We rented her a wheelchair, so she didn’t have to push her walker around the world. It started STORMING the moment I pushed her chair through the gate. Like the rain was coming down heavily and horizontally. I ran us into the nearest gift shop, which was of course packed with wet, frustrated park-goers whose evenings looked to be ruined.
“According to the radar, this isn’t passing until 10 p.m.,” said a lady next to us. “I bet they don’t even do the fireworks tonight.” It was early evening, and we had just arrived. We couldn’t just turn around and go back to our hotel.
“Well, I guess we’re going to need some ponchos,” said Nana, as she got out her wallet.
I smiled at the realization that we were on the same page. We were taking on Epcot during the thunderstorm.
We bought two extremely over-priced ponchos. They were really just oversized Kroger bags with Mickey Mouse printed on the back of them, but we didn’t care. We were getting those margaritas.
Nana tucked into a tiny ball on the seat of her wheelchair, completely engulfed in her over-sized Kroger bag. She looked like a little hedgehog when they curl up as a defense against predators. I threw my poncho on and sprinted as best I could as I pushed Nana through the storm to try and make it to the next nearest country. It happened to be England.
We forced our way into the crowded pub. There was no way we would make it across the world to Mexico in this weather. It was getting later in the night, and I was losing hope. It appeared as though this would be as good as it got for our evening in Epcot.
We did have one tool working in our favor – when you're pushing your soaking wet Nana in a wheelchair, people are more inclined to clear a path for you. Nana and I had no trouble scooting our way through the masses over to the jam-packed bar.

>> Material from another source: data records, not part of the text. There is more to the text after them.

lemma suminf_cmod_sum_sq:
  fixes J :: "'w set" and u :: "'w \<Rightarrow> nat \<Rightarrow> complex" and t :: "'w \<Rightarrow> complex"
  assumes J: "finite J" and u: "\<And>w. w \<in> J \<Longrightarrow> summable (\<lambda>k. norm (u w k))"
  shows "complex_of_real (\<Sum>k. (cmod (\<Sum>w\<in>J. cnj (t w) * u w k))\<^sup>2)
    = (\<Sum>w\<in>J. \<Sum>w'\<in>J. cnj (t w) * t w' * (\<Sum>k. u w k * cnj (u w' k)))"
proof -
  define d where "d k = (\<Sum>w\<in>J. cnj (t w) * u w k)" for k
  have d: "summable (\<lambda>k. norm (d k))" unfolding d_def by (rule summable_norm_sum_mult[OF J u])
  have sq: "summable (\<lambda>k. (cmod (d k))\<^sup>2)"
    using summable_norm_mult_cnj[OF d d] by (simp add: norm_mult power2_eq_square)
  have pw: "summable (\<lambda>k. u w k * cnj (u w' k))" if "w \<in> J" "w' \<in> J" for w w'
    using summable_norm_mult_cnj[OF u[OF that(1)] u[OF that(2)]] by (rule summable_norm_cancel)
  have "complex_of_real (\<Sum>k. (cmod (d k))\<^sup>2) = (\<Sum>k. complex_of_real ((cmod (d k))\<^sup>2))"
    by (rule sums_unique[OF sums_of_real[OF summable_sums[OF sq]]])
  also have "\<dots> = (\<Sum>k. \<Sum>w\<in>J. \<Sum>w'\<in>J. cnj (t w) * t w' * (u w k * cnj (u w' k)))"
  proof (rule suminf_cong)
    fix k
    have "complex_of_real ((cmod (d k))\<^sup>2) = d k * cnj (d k)"
      by (simp add: complex_mult_cnj cmod_power2)
    also have "\<dots> = (\<Sum>w\<in>J. \<Sum>w'\<in>J. cnj (t w) * t w' * (u w k * cnj (u w' k)))"
      unfolding d_def cnj_sum sum_product by (simp add: mult_ac)
    finally show "complex_of_real ((cmod (d k))\<^sup>2)
        = (\<Sum>w\<in>J. \<Sum>w'\<in>J. cnj (t w) * t w' * (u w k * cnj (u w' k)))" .
  qed
  also have "\<dots> = (\<Sum>w\<in>J. \<Sum>k. \<Sum>w'\<in>J. cnj (t w) * t w' * (u w k * cnj (u w' k)))"
    by (rule suminf_sum) (use pw in \<open>auto intro!: summable_sum summable_mult\<close>)
  also have "\<dots> = (\<Sum>w\<in>J. \<Sum>w'\<in>J. \<Sum>k. cnj (t w) * t w' * (u w k * cnj (u w' k)))"
    by (intro sum.cong refl suminf_sum) (use pw in \<open>auto intro!: summable_mult\<close>)
  also have "\<dots> = (\<Sum>w\<in>J. \<Sum>w'\<in>J. cnj (t w) * t w' * (\<Sum>k. u w k * cnj (u w' k)))"
    by (intro sum.cong refl suminf_mult) (use pw in auto)
  finally show ?thesis unfolding d_def .
qed

locale iid_std_cgauss = prob_space M for M :: "'a measure" +
  fixes a :: "nat \<Rightarrow> 'a \<Rightarrow> complex"
  assumes indep: "indep_vars (\<lambda>_. borel) a UNIV"
    and distributed_a: "\<And>k. distributed M lborel (a k) std_cgauss_density"
begin

lemma measurable_a [measurable]: "a k \<in> borel_measurable M"
  using distributed_measurable[OF distributed_a[of k]] by simp

lemma integrable_a: "integrable M (a k)" and integral_a: "integral\<^sup>L M (a k) = 0"
  using std_cgauss_mean[OF distributed_a[of k]] by auto

lemma integrable_a_sq: "integrable M (\<lambda>\<omega>. (cmod (a k \<omega>))\<^sup>2)"
  and integral_a_sq: "integral\<^sup>L M (\<lambda>\<omega>. (cmod (a k \<omega>))\<^sup>2) = 1"
  using std_cgauss_second_moment[OF distributed_a[of k]] by auto

lemma char_a: "(CLINT \<omega>|M. cis (Re (cnj c * a k \<omega>))) = exp (- (cmod c)\<^sup>2 / 4)"
  using std_cgauss_char[OF distributed_a[of k]] .

lemma nn_integral_a_mult_le: "(\<integral>\<^sup>+\<omega>. ennreal (cmod (a k \<omega>) * cmod (a l \<omega>)) \<partial>M) \<le> 1"
proof -
  have "cmod z * cmod w \<le> ((cmod z)\<^sup>2 + (cmod w)\<^sup>2) / 2" for z w
    using sum_squares_bound[of "cmod z" "cmod w"] by simp
  then have "(\<integral>\<^sup>+\<omega>. ennreal (cmod (a k \<omega>) * cmod (a l \<omega>)) \<partial>M)
      \<le> (\<integral>\<^sup>+\<omega>. ennreal (((cmod (a k \<omega>))\<^sup>2 + (cmod (a l \<omega>))\<^sup>2) / 2) \<partial>M)"
    by (intro nn_integral_mono ennreal_leI)
  also have "\<dots> = ennreal (integral\<^sup>L M (\<lambda>\<omega>. ((cmod (a k \<omega>))\<^sup>2 + (cmod (a l \<omega>))\<^sup>2) / 2))"
    using integrable_a_sq[of k] integrable_a_sq[of l]
    by (intro nn_integral_eq_integral integrable_divide_zero Bochner_Integration.integrable_add)
      auto
  also have "integral\<^sup>L M (\<lambda>\<omega>. ((cmod (a k \<omega>))\<^sup>2 + (cmod (a l \<omega>))\<^sup>2) / 2) = 1"
    using integrable_a_sq[of k] integrable_a_sq[of l] integral_a_sq[of k] integral_a_sq[of l]
    by simp
  finally show ?thesis by simp
qed

lemma nn_integral_a_le: "(\<integral>\<^sup>+\<omega>. ennreal (cmod (a k \<omega>)) \<partial>M) \<le> 1"
proof -
  have "cmod z \<le> ((cmod z)\<^sup>2 + 1) / 2" for z
    using sum_squares_bound[of "cmod z" 1] by simp
  then have "(\<integral>\<^sup>+\<omega>. ennreal (cmod (a k \<omega>)) \<partial>M) \<le> (\<integral>\<^sup>+\<omega>. ennreal (((cmod (a k \<omega>))\<^sup>2 + 1) / 2) \<partial>M)"
    by (intro nn_integral_mono ennreal_leI)
  also have "\<dots> = ennreal (integral\<^sup>L M (\<lambda>\<omega>. ((cmod (a k \<omega>))\<^sup>2 + 1) / 2))"
    using integrable_a_sq[of k]
    by (intro nn_integral_eq_integral integrable_divide_zero Bochner_Integration.integrable_add)
      auto
  also have "integral\<^sup>L M (\<lambda>\<omega>. ((cmod (a k \<omega>))\<^sup>2 + 1) / 2) = 1"
    using integrable_a_sq[of k] integral_a_sq[of k] by (simp add: prob_space)
  finally show ?thesis by simp
qed

lemma integrable_a_mult_cnj: "integrable M (\<lambda>\<omega>. a k \<omega> * cnj (a l \<omega>))"
proof (rule integrableI_bounded)
  have "(\<integral>\<^sup>+\<omega>. ennreal (norm (a k \<omega> * cnj (a l \<omega>))) \<partial>M) \<le> 1"
    using nn_integral_a_mult_le[of k l] by (simp add: norm_mult)
  then show "(\<integral>\<^sup>+\<omega>. ennreal (norm (a k \<omega> * cnj (a l \<omega>))) \<partial>M) < \<infinity>"
    by (simp add: le_less_trans)
qed measurable

lemma integral_a_mult_cnj: "integral\<^sup>L M (\<lambda>\<omega>. a k \<omega> * cnj (a l \<omega>)) = (if k = l then 1 else 0)"
proof (cases "k = l")
  case True
  have "integral\<^sup>L M (\<lambda>\<omega>. a k \<omega> * cnj (a k \<omega>))
      = integral\<^sup>L M (\<lambda>\<omega>. complex_of_real ((cmod (a k \<omega>))\<^sup>2))"
    by (intro Bochner_Integration.integral_cong) (auto simp: complex_mult_cnj cmod_power2)
  also have "\<dots> = complex_of_real (integral\<^sup>L M (\<lambda>\<omega>. (cmod (a k \<omega>))\<^sup>2))"
    by (rule integral_complex_of_real)
  also have "\<dots> = 1" using integral_a_sq[of k] by simp
  finally show ?thesis using True by simp
next
  case False
  define Y where "Y i = (if i = k then (\<lambda>z::complex. z) else cnj)" for i
  have ind: "indep_vars (\<lambda>_. borel) (\<lambda>i \<omega>. Y i (a i \<omega>)) {k, l}"
    by (rule indep_vars_subset[OF indep_vars_compose2[OF indep]]) (auto simp: Y_def)
  have "integral\<^sup>L M (\<lambda>\<omega>. \<Prod>i\<in>{k, l}. Y i (a i \<omega>)) = (\<Prod>i\<in>{k, l}. integral\<^sup>L M (\<lambda>\<omega>. Y i (a i \<omega>)))"
    by (rule indep_vars_lebesgue_integral[OF _ ind]) (auto simp: Y_def integrable_a integrable_cnj)
  moreover have "(\<lambda>\<omega>. \<Prod>i\<in>{k, l}. Y i (a i \<omega>)) = (\<lambda>\<omega>. a k \<omega> * cnj (a l \<omega>))"
    using False by (auto simp: Y_def)
  ultimately have "integral\<^sup>L M (\<lambda>\<omega>. a k \<omega> * cnj (a l \<omega>))
      = integral\<^sup>L M (a k) * integral\<^sup>L M (\<lambda>\<omega>. cnj (a l \<omega>))"
    using False by (simp add: Y_def)
  then show ?thesis using False by (simp add: integral_a)
qed


lemma AE_summable_series:
  assumes u: "summable (\<lambda>k. norm (u k))"
  shows "AE \<omega> in M. summable (\<lambda>k. norm (a k \<omega> * u k))"
proof -
  let ?F = "\<lambda>\<omega>. \<Sum>k. ennreal (cmod (a k \<omega>) * cmod (u k))"
  have mF: "?F \<in> borel_measurable M" by measurable
  have "(\<integral>\<^sup>+\<omega>. ?F \<omega> \<partial>M) = (\<Sum>k. \<integral>\<^sup>+\<omega>. ennreal (cmod (a k \<omega>) * cmod (u k)) \<partial>M)"
    by (rule nn_integral_suminf) measurable
  also have "\<dots> \<le> (\<Sum>k. ennreal (cmod (u k)))"
  proof (rule suminf_le)
    fix k
    have "(\<integral>\<^sup>+\<omega>. ennreal (cmod (a k \<omega>) * cmod (u k)) \<partial>M)
        = (\<integral>\<^sup>+\<omega>. ennreal (cmod (a k \<omega>)) \<partial>M) * ennreal (cmod (u k))"
      by (subst ennreal_mult'', simp, rule nn_integral_multc, measurable)
    also have "\<dots> \<le> 1 * ennreal (cmod (u k))" by (intro mult_right_mono nn_integral_a_le) simp
    finally show "(\<integral>\<^sup>+\<omega>. ennreal (cmod (a k \<omega>) * cmod (u k)) \<partial>M) \<le> ennreal (cmod (u k))" by simp
  qed (rule summableI, rule summableI)
  also have "\<dots> = ennreal (\<Sum>k. cmod (u k))" by (rule suminf_ennreal2) (use u in auto)
  finally have "(\<integral>\<^sup>+\<omega>. ?F \<omega> \<partial>M) < \<infinity>" by (simp add: le_less_trans)
  then have "(\<integral>\<^sup>+\<omega>. ?F \<omega> \<partial>M) \<noteq> \<infinity>" by simp
  then have "AE \<omega> in M. ?F \<omega> \<noteq> \<infinity>" by (rule nn_integral_PInf_AE[OF mF])
  then show ?thesis
  proof eventually_elim
    case (elim \<omega>)
    then have "summable (\<lambda>k. cmod (a k \<omega>) * cmod (u k))" by (intro summable_suminf_not_top) auto
    then show ?case by (simp add: norm_mult)
  qed
qed

lemma AE_LIMSEQ_series:
  assumes u: "summable (\<lambda>k. norm (u k))"
  shows "AE \<omega> in M. (\<lambda>N. \<Sum>k<N. a k \<omega> * u k) \<longlonglongrightarrow> (\<Sum>k. a k \<omega> * u k)"
  using AE_summable_series[OF u]
  by eventually_elim (rule summable_LIMSEQ, rule summable_norm_cancel)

The bartender looked at us like we were lost. “I need two margaritas.” I yelled over the chatty crowd. (a totally natural thing to order in an English pub). He looked a Nana and smiled, “Coming right up!”
We never made it to Mexico, but the rain did stop just before the fireworks were scheduled to blast into the night sky. I wheeled Nana over to the waterfront as the music began to blare through the overhead speakers and the sky was filled with light and color. She began to cry.
I looked at her face, as she stared up at the spectacle. I could see the fireworks reflecting in her tear-filled eyes. For a moment, the whole world stood still. I didn’t hear the music or the roaring bursts in the sky anymore. I forgot anyone else was around us. And I wanted to remember everything about that little window of time.
I closed my eyes and tried to take it all in. Just for a second. The sounds, the smell of the rain, the colors of the lights – and Nana. Sitting in her wheelchair soaking wet, poncho hood still covering her head, gazing up at the fireworks with wonder.
"I want to remember this moment for my whole life,” I thought to myself.
And I took a little photo in my mind. There are other times I have done this. When my husband proposed (also during a thunderstorm). When we got lost and ended up watching the sun set over Giant’s Causeway off the coast of Northern Ireland. When my dad looked at me and said, “You ready?” just before he walked me down the aisle. When I had to tell my Aunt Jean goodbye for the last time.
It’s important to stop and remember moments. The words said, the colors around you, the sounds, the smells, the feelings, and most importantly the people. Life happens so fast. But if you stop for just a moment and intentionally take it all in – really make time stand still – I think you can hold onto that moment and look back at it whenever you want.
Also, if you ever have the opportunity to have margaritas with your Nana in an English pub, I highly recommend it.